_Exercise material_
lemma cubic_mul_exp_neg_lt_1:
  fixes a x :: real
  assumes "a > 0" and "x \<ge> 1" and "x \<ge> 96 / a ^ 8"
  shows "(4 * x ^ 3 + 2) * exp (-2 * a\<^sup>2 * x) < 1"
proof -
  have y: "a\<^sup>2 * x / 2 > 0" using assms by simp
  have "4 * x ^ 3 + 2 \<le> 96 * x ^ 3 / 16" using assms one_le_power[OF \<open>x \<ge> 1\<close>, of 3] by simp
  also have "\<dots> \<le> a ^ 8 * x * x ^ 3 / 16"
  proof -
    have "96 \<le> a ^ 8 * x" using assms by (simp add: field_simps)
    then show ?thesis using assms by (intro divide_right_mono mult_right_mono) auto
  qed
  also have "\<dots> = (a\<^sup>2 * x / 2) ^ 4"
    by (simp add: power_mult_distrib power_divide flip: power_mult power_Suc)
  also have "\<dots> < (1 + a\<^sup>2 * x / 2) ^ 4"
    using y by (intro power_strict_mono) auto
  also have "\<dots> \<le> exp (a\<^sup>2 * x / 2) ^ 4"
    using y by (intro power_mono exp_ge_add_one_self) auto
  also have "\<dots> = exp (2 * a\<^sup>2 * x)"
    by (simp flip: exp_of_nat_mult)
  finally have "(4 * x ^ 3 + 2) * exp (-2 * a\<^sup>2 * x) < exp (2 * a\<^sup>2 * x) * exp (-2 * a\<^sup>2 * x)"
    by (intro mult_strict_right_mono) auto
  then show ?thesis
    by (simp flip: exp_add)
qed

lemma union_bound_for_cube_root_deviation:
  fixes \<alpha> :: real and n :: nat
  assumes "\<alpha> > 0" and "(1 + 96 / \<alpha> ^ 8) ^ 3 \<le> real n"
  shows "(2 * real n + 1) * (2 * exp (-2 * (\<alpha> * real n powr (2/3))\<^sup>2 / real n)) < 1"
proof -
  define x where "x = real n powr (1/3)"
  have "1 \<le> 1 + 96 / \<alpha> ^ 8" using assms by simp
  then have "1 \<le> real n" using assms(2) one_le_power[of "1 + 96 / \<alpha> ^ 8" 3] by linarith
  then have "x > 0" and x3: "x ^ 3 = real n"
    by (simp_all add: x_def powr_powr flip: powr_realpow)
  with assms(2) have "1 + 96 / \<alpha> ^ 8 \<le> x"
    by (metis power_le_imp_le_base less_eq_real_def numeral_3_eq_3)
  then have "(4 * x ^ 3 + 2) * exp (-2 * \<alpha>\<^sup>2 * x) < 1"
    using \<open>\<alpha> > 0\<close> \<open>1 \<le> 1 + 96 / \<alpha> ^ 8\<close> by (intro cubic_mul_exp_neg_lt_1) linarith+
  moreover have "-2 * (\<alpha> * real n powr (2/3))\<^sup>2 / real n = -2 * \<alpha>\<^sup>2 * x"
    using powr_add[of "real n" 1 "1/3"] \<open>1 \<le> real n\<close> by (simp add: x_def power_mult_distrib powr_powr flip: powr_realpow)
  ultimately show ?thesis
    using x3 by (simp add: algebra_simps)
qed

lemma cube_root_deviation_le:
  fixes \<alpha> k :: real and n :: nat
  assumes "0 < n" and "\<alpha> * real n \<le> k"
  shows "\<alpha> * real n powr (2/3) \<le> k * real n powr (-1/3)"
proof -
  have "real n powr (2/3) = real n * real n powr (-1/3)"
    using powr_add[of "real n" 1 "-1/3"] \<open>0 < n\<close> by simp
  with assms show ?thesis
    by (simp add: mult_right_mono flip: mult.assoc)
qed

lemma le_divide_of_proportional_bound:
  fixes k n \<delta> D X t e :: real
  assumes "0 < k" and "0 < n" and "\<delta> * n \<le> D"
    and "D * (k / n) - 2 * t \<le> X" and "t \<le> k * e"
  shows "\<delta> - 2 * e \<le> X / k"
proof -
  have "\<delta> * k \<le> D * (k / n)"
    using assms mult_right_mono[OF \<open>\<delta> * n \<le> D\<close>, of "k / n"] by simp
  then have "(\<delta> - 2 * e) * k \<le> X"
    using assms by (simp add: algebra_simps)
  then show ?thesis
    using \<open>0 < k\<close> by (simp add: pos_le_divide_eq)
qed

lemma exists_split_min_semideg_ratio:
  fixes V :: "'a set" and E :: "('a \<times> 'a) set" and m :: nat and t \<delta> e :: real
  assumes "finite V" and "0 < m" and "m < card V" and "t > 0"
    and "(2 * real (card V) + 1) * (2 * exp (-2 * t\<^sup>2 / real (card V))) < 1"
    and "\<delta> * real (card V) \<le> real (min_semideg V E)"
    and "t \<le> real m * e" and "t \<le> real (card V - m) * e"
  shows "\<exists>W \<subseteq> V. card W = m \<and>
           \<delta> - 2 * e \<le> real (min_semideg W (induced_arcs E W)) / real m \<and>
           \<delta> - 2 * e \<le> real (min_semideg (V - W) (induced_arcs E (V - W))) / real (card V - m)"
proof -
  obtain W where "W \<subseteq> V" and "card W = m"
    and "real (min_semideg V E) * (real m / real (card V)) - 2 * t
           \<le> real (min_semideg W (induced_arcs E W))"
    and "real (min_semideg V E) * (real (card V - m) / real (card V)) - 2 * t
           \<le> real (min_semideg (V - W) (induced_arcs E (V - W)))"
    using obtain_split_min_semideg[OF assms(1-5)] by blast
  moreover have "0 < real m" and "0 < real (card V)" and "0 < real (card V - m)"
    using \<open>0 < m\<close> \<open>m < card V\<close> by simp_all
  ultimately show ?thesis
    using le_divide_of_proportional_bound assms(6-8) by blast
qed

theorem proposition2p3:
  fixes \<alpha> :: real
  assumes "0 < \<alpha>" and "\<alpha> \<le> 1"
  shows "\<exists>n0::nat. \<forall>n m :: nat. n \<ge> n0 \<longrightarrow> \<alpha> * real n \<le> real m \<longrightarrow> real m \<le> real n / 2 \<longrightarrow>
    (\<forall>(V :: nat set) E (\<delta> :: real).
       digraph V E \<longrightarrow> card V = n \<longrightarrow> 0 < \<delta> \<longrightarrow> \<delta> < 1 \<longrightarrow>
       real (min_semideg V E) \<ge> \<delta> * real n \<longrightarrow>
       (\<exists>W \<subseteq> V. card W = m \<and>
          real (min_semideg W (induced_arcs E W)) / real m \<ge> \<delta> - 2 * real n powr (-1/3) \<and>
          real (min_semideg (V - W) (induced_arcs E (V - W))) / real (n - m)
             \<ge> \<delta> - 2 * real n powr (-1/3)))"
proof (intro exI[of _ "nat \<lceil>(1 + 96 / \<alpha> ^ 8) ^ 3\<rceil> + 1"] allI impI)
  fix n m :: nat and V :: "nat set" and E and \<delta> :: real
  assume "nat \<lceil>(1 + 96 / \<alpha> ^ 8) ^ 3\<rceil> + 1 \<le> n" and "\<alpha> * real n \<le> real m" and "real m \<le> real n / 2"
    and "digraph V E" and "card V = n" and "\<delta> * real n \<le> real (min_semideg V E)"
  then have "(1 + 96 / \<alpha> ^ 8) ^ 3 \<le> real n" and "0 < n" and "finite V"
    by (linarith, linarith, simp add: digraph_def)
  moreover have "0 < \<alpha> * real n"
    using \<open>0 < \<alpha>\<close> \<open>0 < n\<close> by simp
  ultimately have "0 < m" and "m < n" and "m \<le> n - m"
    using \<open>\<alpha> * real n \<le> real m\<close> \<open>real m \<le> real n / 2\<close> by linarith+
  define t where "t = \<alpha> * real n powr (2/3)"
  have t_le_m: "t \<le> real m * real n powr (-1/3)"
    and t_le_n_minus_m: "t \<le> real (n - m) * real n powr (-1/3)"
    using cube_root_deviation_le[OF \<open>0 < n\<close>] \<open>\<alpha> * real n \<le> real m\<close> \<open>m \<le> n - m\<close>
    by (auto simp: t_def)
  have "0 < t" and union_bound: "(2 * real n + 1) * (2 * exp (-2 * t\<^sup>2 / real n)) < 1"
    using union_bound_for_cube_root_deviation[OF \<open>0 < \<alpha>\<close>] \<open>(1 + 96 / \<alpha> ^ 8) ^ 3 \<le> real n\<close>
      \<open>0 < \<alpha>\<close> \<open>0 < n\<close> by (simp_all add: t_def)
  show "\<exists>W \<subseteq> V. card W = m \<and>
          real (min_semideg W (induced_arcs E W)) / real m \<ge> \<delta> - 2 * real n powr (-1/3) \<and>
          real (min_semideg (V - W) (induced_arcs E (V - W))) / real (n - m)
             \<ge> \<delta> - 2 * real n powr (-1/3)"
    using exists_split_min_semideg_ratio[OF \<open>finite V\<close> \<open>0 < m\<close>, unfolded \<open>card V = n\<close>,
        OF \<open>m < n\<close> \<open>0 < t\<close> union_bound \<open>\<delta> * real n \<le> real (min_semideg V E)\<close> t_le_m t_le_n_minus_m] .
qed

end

---

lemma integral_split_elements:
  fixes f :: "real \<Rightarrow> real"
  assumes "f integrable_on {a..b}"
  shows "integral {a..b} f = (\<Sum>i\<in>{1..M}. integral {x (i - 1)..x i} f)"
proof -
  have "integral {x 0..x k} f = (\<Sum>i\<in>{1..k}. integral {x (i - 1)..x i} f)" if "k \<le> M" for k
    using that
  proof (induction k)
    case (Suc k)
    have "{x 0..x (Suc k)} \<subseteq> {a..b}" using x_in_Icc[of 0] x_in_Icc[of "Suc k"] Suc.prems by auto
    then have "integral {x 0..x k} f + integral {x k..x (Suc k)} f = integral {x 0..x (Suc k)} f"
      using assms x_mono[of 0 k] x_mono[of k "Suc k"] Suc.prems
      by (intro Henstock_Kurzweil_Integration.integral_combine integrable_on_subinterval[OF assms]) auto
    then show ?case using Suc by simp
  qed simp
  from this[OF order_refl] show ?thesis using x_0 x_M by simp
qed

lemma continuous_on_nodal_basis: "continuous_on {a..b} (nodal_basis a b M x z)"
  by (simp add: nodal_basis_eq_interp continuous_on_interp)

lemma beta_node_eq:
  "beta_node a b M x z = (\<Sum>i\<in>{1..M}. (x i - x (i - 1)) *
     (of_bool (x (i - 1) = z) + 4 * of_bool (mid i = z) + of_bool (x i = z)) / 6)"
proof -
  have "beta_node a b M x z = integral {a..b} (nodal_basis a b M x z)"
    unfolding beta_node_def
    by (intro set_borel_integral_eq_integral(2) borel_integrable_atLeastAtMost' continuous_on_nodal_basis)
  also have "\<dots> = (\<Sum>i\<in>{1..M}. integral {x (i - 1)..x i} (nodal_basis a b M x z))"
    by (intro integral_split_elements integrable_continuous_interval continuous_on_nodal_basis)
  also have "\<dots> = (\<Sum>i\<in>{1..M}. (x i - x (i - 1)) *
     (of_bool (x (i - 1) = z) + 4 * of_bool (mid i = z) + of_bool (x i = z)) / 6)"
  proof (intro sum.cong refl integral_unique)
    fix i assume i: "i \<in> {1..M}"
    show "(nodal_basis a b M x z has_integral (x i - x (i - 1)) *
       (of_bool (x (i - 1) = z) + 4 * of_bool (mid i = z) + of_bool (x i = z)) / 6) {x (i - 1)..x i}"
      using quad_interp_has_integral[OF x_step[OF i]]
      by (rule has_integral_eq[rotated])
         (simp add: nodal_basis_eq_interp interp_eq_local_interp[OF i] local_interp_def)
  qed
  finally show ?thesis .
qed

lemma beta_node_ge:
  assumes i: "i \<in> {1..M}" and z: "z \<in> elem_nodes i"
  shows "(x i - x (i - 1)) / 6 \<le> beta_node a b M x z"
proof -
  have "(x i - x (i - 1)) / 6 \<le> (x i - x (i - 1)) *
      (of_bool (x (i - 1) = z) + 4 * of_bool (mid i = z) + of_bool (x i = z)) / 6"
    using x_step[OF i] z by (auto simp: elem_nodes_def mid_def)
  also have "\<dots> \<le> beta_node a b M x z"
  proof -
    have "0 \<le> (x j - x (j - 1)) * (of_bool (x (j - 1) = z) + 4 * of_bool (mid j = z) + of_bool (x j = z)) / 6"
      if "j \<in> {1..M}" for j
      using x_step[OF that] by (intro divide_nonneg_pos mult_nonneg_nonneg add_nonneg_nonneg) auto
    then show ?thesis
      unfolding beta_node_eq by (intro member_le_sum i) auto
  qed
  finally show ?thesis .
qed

_Work item_
What lines in the entries contain "unfolding"? Report each one by copying it.

_Task solution_
    unfolding beta_node_def
      unfolding beta_node_eq by (intro member_le_sum i) auto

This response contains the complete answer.